EXTRACTED RECORDS:

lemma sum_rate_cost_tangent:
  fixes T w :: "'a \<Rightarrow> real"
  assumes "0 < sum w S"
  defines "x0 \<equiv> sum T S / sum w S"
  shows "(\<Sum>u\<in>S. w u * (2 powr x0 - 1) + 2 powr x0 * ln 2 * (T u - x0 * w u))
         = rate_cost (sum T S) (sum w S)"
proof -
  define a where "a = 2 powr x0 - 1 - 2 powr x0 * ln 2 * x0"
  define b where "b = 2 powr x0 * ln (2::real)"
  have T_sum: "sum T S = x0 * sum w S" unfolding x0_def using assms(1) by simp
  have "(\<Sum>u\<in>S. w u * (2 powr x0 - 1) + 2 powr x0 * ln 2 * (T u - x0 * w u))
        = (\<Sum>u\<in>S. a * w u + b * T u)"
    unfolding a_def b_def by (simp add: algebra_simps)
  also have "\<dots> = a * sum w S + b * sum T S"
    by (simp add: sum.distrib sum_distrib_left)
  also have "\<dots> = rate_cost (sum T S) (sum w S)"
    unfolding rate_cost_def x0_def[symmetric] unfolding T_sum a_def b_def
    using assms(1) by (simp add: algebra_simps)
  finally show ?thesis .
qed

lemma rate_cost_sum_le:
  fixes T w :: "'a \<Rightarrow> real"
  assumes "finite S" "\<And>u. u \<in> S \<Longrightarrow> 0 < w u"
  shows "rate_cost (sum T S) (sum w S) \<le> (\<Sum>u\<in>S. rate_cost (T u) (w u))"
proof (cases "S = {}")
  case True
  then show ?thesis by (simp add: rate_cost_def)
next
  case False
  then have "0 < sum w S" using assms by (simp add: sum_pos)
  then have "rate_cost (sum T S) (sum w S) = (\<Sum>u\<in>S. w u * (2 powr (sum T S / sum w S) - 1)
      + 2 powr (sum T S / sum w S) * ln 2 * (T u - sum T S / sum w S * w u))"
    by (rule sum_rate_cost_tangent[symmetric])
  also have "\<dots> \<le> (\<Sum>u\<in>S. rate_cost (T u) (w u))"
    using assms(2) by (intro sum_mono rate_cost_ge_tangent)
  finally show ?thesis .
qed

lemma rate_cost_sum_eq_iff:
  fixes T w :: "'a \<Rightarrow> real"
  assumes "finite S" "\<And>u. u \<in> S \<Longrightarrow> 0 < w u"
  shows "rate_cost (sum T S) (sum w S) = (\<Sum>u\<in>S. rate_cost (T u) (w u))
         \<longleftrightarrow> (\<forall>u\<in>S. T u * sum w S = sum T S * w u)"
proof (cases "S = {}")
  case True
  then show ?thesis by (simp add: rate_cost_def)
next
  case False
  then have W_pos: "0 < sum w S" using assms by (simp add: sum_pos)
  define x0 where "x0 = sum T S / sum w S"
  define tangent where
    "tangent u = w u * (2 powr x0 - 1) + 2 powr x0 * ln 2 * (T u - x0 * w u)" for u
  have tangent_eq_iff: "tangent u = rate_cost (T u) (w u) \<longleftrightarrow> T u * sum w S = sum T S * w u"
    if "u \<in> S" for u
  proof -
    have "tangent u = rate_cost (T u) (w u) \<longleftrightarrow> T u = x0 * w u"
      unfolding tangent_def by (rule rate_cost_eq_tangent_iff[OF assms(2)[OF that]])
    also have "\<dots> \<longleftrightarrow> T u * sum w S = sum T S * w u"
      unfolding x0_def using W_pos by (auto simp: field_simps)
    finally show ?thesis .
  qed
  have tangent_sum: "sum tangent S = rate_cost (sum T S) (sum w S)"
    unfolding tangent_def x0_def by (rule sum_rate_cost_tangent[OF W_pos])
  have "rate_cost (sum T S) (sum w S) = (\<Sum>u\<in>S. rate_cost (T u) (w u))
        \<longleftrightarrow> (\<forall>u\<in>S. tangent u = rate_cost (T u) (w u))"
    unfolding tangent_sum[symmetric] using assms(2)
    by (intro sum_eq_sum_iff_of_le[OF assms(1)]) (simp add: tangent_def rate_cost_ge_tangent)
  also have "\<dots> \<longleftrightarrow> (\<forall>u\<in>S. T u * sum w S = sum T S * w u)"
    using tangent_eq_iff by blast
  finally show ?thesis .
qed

WHAT YOU ARE ASKED TO DO: Using the records above, write out exactly the lines between the one holding "define b where" and the one holding "unfolding rate_cost_def x0_def[symmetric]", inclusive; leave everything else out.

ANSWER BOX:
  define b where "b = 2 powr x0 * ln (2::real)"
  have T_sum: "sum T S = x0 * sum w S" unfolding x0_def using assms(1) by simp
  have "(\<Sum>u\<in>S. w u * (2 powr x0 - 1) + 2 powr x0 * ln 2 * (T u - x0 * w u))
        = (\<Sum>u\<in>S. a * w u + b * T u)"
    unfolding a_def b_def by (simp add: algebra_simps)
  also have "\<dots> = a * sum w S + b * sum T S"
    by (simp add: sum.distrib sum_distrib_left)
  also have "\<dots> = rate_cost (sum T S) (sum w S)"
    unfolding rate_cost_def x0_def[symmetric] unfolding T_sum a_def b_def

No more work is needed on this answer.